I am gonna answer your questions even though they were sort of rhetorical. It is pretty handy.

What's more important is what this scary thing has to do with the terrible thing they did, like does it connect to their guilt? Is it their punishment for what they did?

The scary thing directly relates to their guilt as it is a demon summoned from injustice. Essentially, they have done something bad in the past and this creature is their punishment.

Is there a way for them to escape this, to repent?

The story is about a mother (Alys) and a daughter (Elia) and the husband that is caught in between. They live on a planet under rule of a tyrannical vampiric empire that regularly 'harvests' the population in big festivals. Four years earlier the vampires came for their daughter Elia but they instead gave up the daughter of their deceased friends, with whom they had been entrusted, in her place.

Alys suffers from postnatal depression and detachment and thematically the creature is a metaphor for this. It possesses the daughter and harasses Alys and as a result Alys has never been able to love Elia. She even goes as far as to imagine removing Elia from their life, and makes plans to poison her if she is unable to fix their situation.

And since your story is shorter, what's the big emotional turn/resolution?

Alys goes on a journey to rid herself of the creature. The emotional resolution is essentially that Alys, in the end, despite her lack of love, realises she must sacrifice herself for Elia in order to undo the curse.
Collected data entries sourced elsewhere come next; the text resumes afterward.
(* Let $G$ be a vigorous subgroup of $\operatorname{Homeo}(\mathfrak{C})$ and let $U\in K_{\mathfrak{C}}$. Then the set $$X_{G,U}:=\{\gamma\in G: \text{there is a proper clopen subset } V \text{ of } U \text{ with } \operatorname{supp}(\gamma)\subseteq V\}$$ generates $\operatorname{pstab}_G(\mathfrak{C}\setminus U)$.
   Context: $\mathfrak{C}$ denotes a Cantor space (a space homeomorphic to $\{0,1\}^\omega$). Groups of homeomorphisms act on the right, and products are composed left to right. $K_{\mathfrak{C}}$ denotes the set of non-empty proper clopen subsets of $\mathfrak{C}$. For $\gamma\in\operatorname{Homeo}(\mathfrak{C})$, $\operatorname{supp}(\gamma)=\{p\in\mathfrak{C}: p\gamma\neq p\}$. For $G\le\operatorname{Homeo}(\mathfrak{C})$ and $A\subseteq\mathfrak{C}$, $\operatorname{pstab}_G(A)=\{g\in G: pg=p \text{ for all } p\in A\}$. A subset $S\subseteq \operatorname{Homeo}(\mathfrak{C})$ is vigorous if for all clopen $A,B,C\subseteq\mathfrak{C}$ with $B,C$ non-empty proper subsets of $A$ there is $\gamma\in S$ with $\operatorname{supp}(\gamma)\subseteq A$ and $B\gamma\subseteq C$. *)

theory Defs
  imports "HOL-Analysis.Analysis" "HOL-Algebra.Generated_Groups"
begin

definition cantor_space :: "'a topology \<Rightarrow> bool" where
  "cantor_space X \<longleftrightarrow>
     X homeomorphic_space (product_topology (\<lambda>_::nat. discrete_topology (UNIV::bool set)) UNIV)"

definition clopenin :: "'a topology \<Rightarrow> 'a set \<Rightarrow> bool" where
  "clopenin X A \<longleftrightarrow> openin X A \<and> closedin X A"

definition K_sets :: "'a topology \<Rightarrow> 'a set set" where
  "K_sets X = {A. clopenin X A \<and> A \<noteq> {} \<and> A \<subset> topspace X}"

definition Homeo :: "'a topology \<Rightarrow> ('a \<Rightarrow> 'a) set" where
  "Homeo X = {g. homeomorphic_map X X g \<and> (\<forall>x. x \<notin> topspace X \<longrightarrow> g x = x)}"

text \<open>The group Homeo(X); right action, products composed left to right: g*h = h o g.\<close>
definition homeo_group :: "'a topology \<Rightarrow> ('a \<Rightarrow> 'a) monoid" where
  "homeo_group X = \<lparr>carrier = Homeo X, mult = (\<lambda>g h. h \<circ> g), one = id\<rparr>"

definition supp :: "'a topology \<Rightarrow> ('a \<Rightarrow> 'a) \<Rightarrow> 'a set" where
  "supp X g = {p \<in> topspace X. g p \<noteq> p}"

definition pstab :: "'a topology \<Rightarrow> ('a \<Rightarrow> 'a) set \<Rightarrow> 'a set \<Rightarrow> ('a \<Rightarrow> 'a) set" where
  "pstab X G A = {g \<in> G. \<forall>p \<in> A. g p = p}"

definition vigorous :: "'a topology \<Rightarrow> ('a \<Rightarrow> 'a) set \<Rightarrow> bool" where
  "vigorous X S \<longleftrightarrow>
     (\<forall>A B C. clopenin X A \<and> clopenin X B \<and> clopenin X C \<and>
        B \<noteq> {} \<and> C \<noteq> {} \<and> B \<subset> A \<and> C \<subset> A \<longrightarrow>
        (\<exists>\<gamma>\<in>S. supp X \<gamma> \<subseteq> A \<and> \<gamma> ` B \<subseteq> C))"

definition X_GU :: "'a topology \<Rightarrow> ('a \<Rightarrow> 'a) set \<Rightarrow> 'a set \<Rightarrow> ('a \<Rightarrow> 'a) set" where
  "X_GU X G U = {\<gamma> \<in> G. \<exists>V. clopenin X V \<and> V \<subset> U \<and> supp X \<gamma> \<subseteq> V}"

end

theory Submission
  imports Defs
begin

text \<open>
  Let g fix the complement of U pointwise. Pick clopen sets Q' \<subset> Q with Q \<union> gQ a proper
  subset of U; this is possible because open subsets of a Cantor space are infinite and have
  clopen neighbourhood bases. Vigorousness provides x \<in> G supported in Q \<union> (\<complement>U) with
  xQ \<subseteq> Q'. The conjugate a of g by x is supported in x(U) \<subseteq> (U - Q) \<union> Q', a proper clopen
  subset of U, and a agrees with g at every point y with y, gy \<notin> Q; hence a\<inverse>g is
  supported in Q \<union> gQ. So g = a \<cdot> a\<inverse>g is a product of two elements of X_GU.
\<close>

lemma discrete_product_clopen_nhood:
  assumes "openin (product_topology (\<lambda>i. discrete_topology (D i)) I) W" "p \<in> W"
  obtains Q where "clopenin (product_topology (\<lambda>i. discrete_topology (D i)) I) Q" "p \<in> Q" "Q \<subseteq> W"
proof -
  obtain Xs where Xs: "p \<in> (\<Pi>\<^sub>E i\<in>I. Xs i)" "\<forall>i. openin (discrete_topology (D i)) (Xs i)"
      "finite {i. Xs i \<noteq> topspace (discrete_topology (D i))}" "(\<Pi>\<^sub>E i\<in>I. Xs i) \<subseteq> W"
    using product_topology_open_contains_basis[OF assms] by blast
  have "clopenin (product_topology (\<lambda>i. discrete_topology (D i)) I) (\<Pi>\<^sub>E i\<in>I. Xs i)"
    unfolding clopenin_def
    using Xs(2,3) by (auto intro: product_topology_basis simp: closedin_product_topology)
  with Xs(1,4) that show ?thesis by blast
qed

lemma boolean_product_open_infinite:
  assumes "infinite I" "openin (product_topology (\<lambda>_. discrete_topology (UNIV::bool set)) I) W" "p \<in> W"
  shows "infinite W"
proof
  assume "finite W"
  obtain Xs where Xs: "p \<in> (\<Pi>\<^sub>E i\<in>I. Xs i)" "finite {i. Xs i \<noteq> UNIV}" "(\<Pi>\<^sub>E i\<in>I. Xs i) \<subseteq> W"
    using product_topology_open_contains_basis[OF assms(2,3)] by auto
  define J where "J = I - {i. Xs i \<noteq> UNIV}"
  have "infinite J" using assms(1) Xs(2) by (simp add: J_def)
  have "(\<lambda>j. p(j := \<not> p j)) ` J \<subseteq> W"
  proof
    fix q assume "q \<in> (\<lambda>j. p(j := \<not> p j)) ` J"
    then obtain j where "j \<in> J" "q = p(j := \<not> p j)" by blast
    then have "q \<in> (\<Pi>\<^sub>E i\<in>I. Xs i)"
      using Xs(1) by (auto simp: J_def PiE_iff extensional_def)
    with Xs(3) show "q \<in> W" by blast
  qed
  then have "finite ((\<lambda>j. p(j := \<not> p j)) ` J)"
    using \<open>finite W\<close> by (rule finite_subset)
  moreover have "inj_on (\<lambda>j. p(j := \<not> p j)) J"
    by (rule inj_onI) (metis fun_upd_same fun_upd_other)
  ultimately have "finite J"
    by (rule finite_imageD)
  with \<open>infinite J\<close> show False by contradiction
qed

lemma cantor_space_parametrisation:
  assumes "cantor_space X"
  obtains g where "homeomorphic_map (product_topology (\<lambda>_::nat. discrete_topology (UNIV::bool set)) UNIV) X g"
proof -
  have "product_topology (\<lambda>_::nat. discrete_topology (UNIV::bool set)) UNIV homeomorphic_space X"
    using assms homeomorphic_space_sym unfolding cantor_space_def by blast
  with that show ?thesis by (auto simp: homeomorphic_space)
qed

lemma cantor_space_clopen_nhood:
  assumes "cantor_space X" "openin X W" "p \<in> W"
  obtains Q where "clopenin X Q" "p \<in> Q" "Q \<subseteq> W"
proof -
  let ?C = "product_topology (\<lambda>_::nat. discrete_topology (UNIV::bool set)) UNIV"
  obtain g where g: "homeomorphic_map ?C X g"
    using cantor_space_parametrisation[OF assms(1)] .
  then have g_onto: "g ` topspace ?C = topspace X" and g_cont: "continuous_map ?C X g"
    by (auto simp: homeomorphic_eq_everything_map)
  obtain y where y: "y \<in> topspace ?C" "g y = p"
    using assms(2,3) g_onto openin_subset by (metis imageE subsetD)
  have "openin ?C {x \<in> topspace ?C. g x \<in> W}"
    using openin_continuous_map_preimage[OF g_cont assms(2)] .
  moreover have "y \<in> {x \<in> topspace ?C. g x \<in> W}"
    using y assms(3) by simp
  ultimately obtain Q0 where Q0: "clopenin ?C Q0" "y \<in> Q0" "Q0 \<subseteq> {x \<in> topspace ?C. g x \<in> W}"
    by (rule discrete_product_clopen_nhood)
  have "clopenin X (g ` Q0)"
    using Q0(1,3) homeomorphic_map_openness[OF g] homeomorphic_map_closedness[OF g]
    by (auto simp: clopenin_def)
  with Q0(2,3) y(2) that show ?thesis by blast
qed

lemma cantor_space_open_infinite:
  assumes "cantor_space X" "openin X W" "W \<noteq> {}"
  shows "infinite W"
proof
  assume "finite W"
  let ?C = "product_topology (\<lambda>_::nat. discrete_topology (UNIV::bool set)) UNIV"
  obtain g where g: "homeomorphic_map ?C X g"
    using cantor_space_parametrisation[OF assms(1)] .
  then have g_onto: "g ` topspace ?C = topspace X" and g_inj: "inj_on g (topspace ?C)"
    and g_cont: "continuous_map ?C X g"
    by (auto simp: homeomorphic_eq_everything_map)
  define W0 where "W0 = {x \<in> topspace ?C. g x \<in> W}"
  have W0_open: "openin ?C W0"
    unfolding W0_def using openin_continuous_map_preimage[OF g_cont assms(2)] .
  obtain w where "w \<in> W"
    using assms(3) by blast
  then have "w \<in> g ` topspace ?C"
    using g_onto openin_subset[OF assms(2)] by blast
  then obtain y where "y \<in> topspace ?C" "g y = w"
    by blast
  with \<open>w \<in> W\<close> have "y \<in> W0"
    by (simp add: W0_def)
  then have "infinite W0"
    by (rule boolean_product_open_infinite[OF infinite_UNIV_nat W0_open])
  moreover have "finite W0"
  proof (rule finite_imageD)
    show "finite (g ` W0)"
      using \<open>finite W\<close> by (rule finite_subset[rotated]) (auto simp: W0_def)
    show "inj_on g W0"
      using g_inj by (rule inj_on_subset) (auto simp: W0_def)
  qed
  ultimately show False by contradiction
qed

lemma cantor_space_closedin_singleton:
  assumes "cantor_space X" "p \<in> topspace X"
  shows "closedin X {p}"
proof -
  have "Hausdorff_space (product_topology (\<lambda>_::nat. discrete_topology (UNIV::bool set)) UNIV)"
    by (simp add: Hausdorff_space_product_topology)
  then have "t1_space X"
    using assms(1) homeomorphic_Hausdorff_space Hausdorff_imp_t1_space
    unfolding cantor_space_def by blast
  with assms(2) show ?thesis
    by (simp add: t1_space_closedin_singleton)
qed
(* For every pair $X,Y$ of nominal sets, the sets $\mathrm{Kl}(\mathcal{P}_{\mathsf{fs}})(X,Y)$ and $\mathrm{Kl}(\mathcal{P}_{\mathsf{ufs}})(X,Y)$ of equivariant maps $X\to\mathcal{P}_{\mathsf{fs}}Y$, respectively $X\to\mathcal{P}_{\mathsf{ufs}}Y$, ordered pointwise by inclusion ($f\le g$ iff $f(x)\subseteq g(x)$ for all $x\in X$), form complete lattices (in particular dcpos with bottom).
   Context: Fix a countably infinite set $\mathbb{A}$ of names and let $\mathrm{Perm}(\mathbb{A})$ be the group of finite permutations of $\mathbb{A}$. A nominal set is a set $X$ with an action of $\mathrm{Perm}(\mathbb{A})$ such that every $x\in X$ has a finite support $S\subseteq\mathbb{A}$ (i.e. $\pi\cdot x=x$ whenever $\pi$ fixes $S$ pointwise); $\mathrm{supp}(x)$ denotes the least support. A map is equivariant if it commutes with the actions. A subset $A\subseteq X$ is finitely supported if it has a finite support for the action $\pi\cdot A=\{\pi\cdot x: x\in A\}$, and uniformly finitely supported if $\bigcup_{x\in A}\mathrm{supp}(x)$ is finite. $\mathcal{P}_{\mathsf{fs}}X$ (resp. $\mathcal{P}_{\mathsf{ufs}}X$) is the nominal set of finitely supported (resp. uniformly finitely supported) subsets of $X$; these are monads on the category $\mathsf{Nom}$ of nominal sets and equivariant maps, with unit $x\mapsto\{x\}$ and multiplication given by union. $\mathrm{Kl}(T)(X,Y)$ denotes the set of morphisms $X\to Y$ of the Kleisli category, i.e. equivariant maps $X\to TY$. *)

theory Defs
  imports "HOL-Algebra.Complete_Lattice"
begin

text \<open>Names: we take the countably infinite set of names to be \<open>nat\<close>
(any countably infinite set is in bijection with it).
Finite permutations of the names.\<close>

definition finperm :: "(nat \<Rightarrow> nat) \<Rightarrow> bool" where
  "finperm p \<longleftrightarrow> bij p \<and> finite {a. p a \<noteq> a}"

definition supports :: "((nat \<Rightarrow> nat) \<Rightarrow> 'x \<Rightarrow> 'x) \<Rightarrow> nat set \<Rightarrow> 'x \<Rightarrow> bool" where
  "supports act S x \<longleftrightarrow> (\<forall>p. finperm p \<longrightarrow> (\<forall>a\<in>S. p a = a) \<longrightarrow> act p x = x)"

definition supp :: "((nat \<Rightarrow> nat) \<Rightarrow> 'x \<Rightarrow> 'x) \<Rightarrow> 'x \<Rightarrow> nat set" where
  "supp act x = \<Inter> {S. finite S \<and> supports act S x}"

definition nominal_set :: "'x set \<Rightarrow> ((nat \<Rightarrow> nat) \<Rightarrow> 'x \<Rightarrow> 'x) \<Rightarrow> bool" where
  "nominal_set X act \<longleftrightarrow>
     (\<forall>p x. finperm p \<longrightarrow> x \<in> X \<longrightarrow> act p x \<in> X) \<and>
     (\<forall>x\<in>X. act id x = x) \<and>
     (\<forall>p q x. finperm p \<longrightarrow> finperm q \<longrightarrow> x \<in> X \<longrightarrow> act (p \<circ> q) x = act p (act q x)) \<and>
     (\<forall>x\<in>X. \<exists>S. finite S \<and> supports act S x)"

definition set_act :: "((nat \<Rightarrow> nat) \<Rightarrow> 'x \<Rightarrow> 'x) \<Rightarrow> (nat \<Rightarrow> nat) \<Rightarrow> 'x set \<Rightarrow> 'x set" where
  "set_act act p A = act p ` A"

definition Pfs :: "'y set \<Rightarrow> ((nat \<Rightarrow> nat) \<Rightarrow> 'y \<Rightarrow> 'y) \<Rightarrow> 'y set set" where
  "Pfs Y act = {A. A \<subseteq> Y \<and> (\<exists>S. finite S \<and> supports (set_act act) S A)}"

definition Pufs :: "'y set \<Rightarrow> ((nat \<Rightarrow> nat) \<Rightarrow> 'y \<Rightarrow> 'y) \<Rightarrow> 'y set set" where
  "Pufs Y act = {A. A \<subseteq> Y \<and> finite (\<Union>y\<in>A. supp act y)}"

text \<open>Kleisli hom-sets: equivariant maps \<open>X \<rightarrow> T Y\<close> for \<open>T Y\<close> a set of subsets of \<open>Y\<close>
(with the pointwise action); maps are taken extensionally (value \<open>{}\<close> outside \<open>X\<close>).\<close>
definition Kl :: "'x set \<Rightarrow> ((nat \<Rightarrow> nat) \<Rightarrow> 'x \<Rightarrow> 'x) \<Rightarrow> 'y set set
                  \<Rightarrow> ((nat \<Rightarrow> nat) \<Rightarrow> 'y \<Rightarrow> 'y) \<Rightarrow> ('x \<Rightarrow> 'y set) set" where
  "Kl X actX TY actY =
     {f. (\<forall>x\<in>X. f x \<in> TY) \<and> (\<forall>x. x \<notin> X \<longrightarrow> f x = {}) \<and>
         (\<forall>p x. finperm p \<longrightarrow> x \<in> X \<longrightarrow> f (actX p x) = set_act actY p (f x))}"

definition Kl_order :: "'x set \<Rightarrow> ('x \<Rightarrow> 'y set) set \<Rightarrow> ('x \<Rightarrow> 'y set) gorder" where
  "Kl_order X K = \<lparr>carrier = K, eq = (=), le = (\<lambda>f g. \<forall>x\<in>X. f x \<subseteq> g x)\<rparr>"

end

theory Submission
  imports Defs "HOL-Combinatorics.Transposition"
begin

(* Suprema are pointwise unions, and infima are suprema of lower bounds, so it suffices that
   both hom-sets are closed under pointwise unions.  Fix x and a finite support S of x; by
   equivariance S supports every value f x.  For Pfs this suffices, as a union of sets supported
   by S is supported by S.  For Pufs the key fact is that every element y of a uniformly finitely
   supported set A has its support inside any finite support S of A: otherwise swapping a name
   a of supp y outside S with a fresh name b moves y to an element of A whose support misses b,
   and swapping back gives a support of y missing a.  So all element supports of the union lie
   in the finite set S. *)

lemma (in partial_order) complete_lattice_criterion_sup:
  assumes sup_exists: "\<And>A. A \<subseteq> carrier L \<Longrightarrow> \<exists>s. least L s (Upper L A)"
  shows "complete_lattice L"
proof (rule complete_latticeI)
  fix A assume A: "A \<subseteq> carrier L"
  then show "\<exists>s. least L s (Upper L A)" by (rule sup_exists)
  obtain i where i: "least L i (Upper L (Lower L A))"
    using sup_exists[of "Lower L A"] by blast
  have "greatest L i (Lower L A)"
  proof (rule greatest_LowerI)
    fix x assume "x \<in> A"
    then have "x \<in> Upper L (Lower L A)"
      using A by (intro Upper_memI) auto
    with i show "i \<sqsubseteq> x" by (rule least_le)
  next
    fix y assume "y \<in> Lower L A"
    with i show "y \<sqsubseteq> i" by (rule least_Upper_above) simp
  qed (use A i in blast)+
  then show "\<exists>i. greatest L i (Lower L A)" ..
qed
She saves Elia from the vampires (known as the Huntahn Brotherhood) and she herself dies. This breaks the curse and saves Elia and her husband and is a sort of redemption for Alys.

Thanks again!
 

Gwynndamere

Dreamer
I agree with Chasejxyz lots of great ways to build suspense and show the conflict & how it affects the family (and how they respond to it) without revealing the Monster.
I read what you posted and it's good. The changing of the creature and the girl, keeps you in suspense. I can imagine the journey will be fraught with possibilities!
 

jacksimmons

Scribe
I agree with Chasejxyz lots of great ways to build suspense and show the conflict & how it affects the family (and how they respond to it) without revealing the Monster.
I read what you posted and it's good. The changing of the creature and the girl, keeps you in suspense. I can imagine the journey will be fraught with possibilities!

Thanks for reading Gwynndamere! Much appreciated! I am glad it was more 'suspenseful' and less 'frustrating'.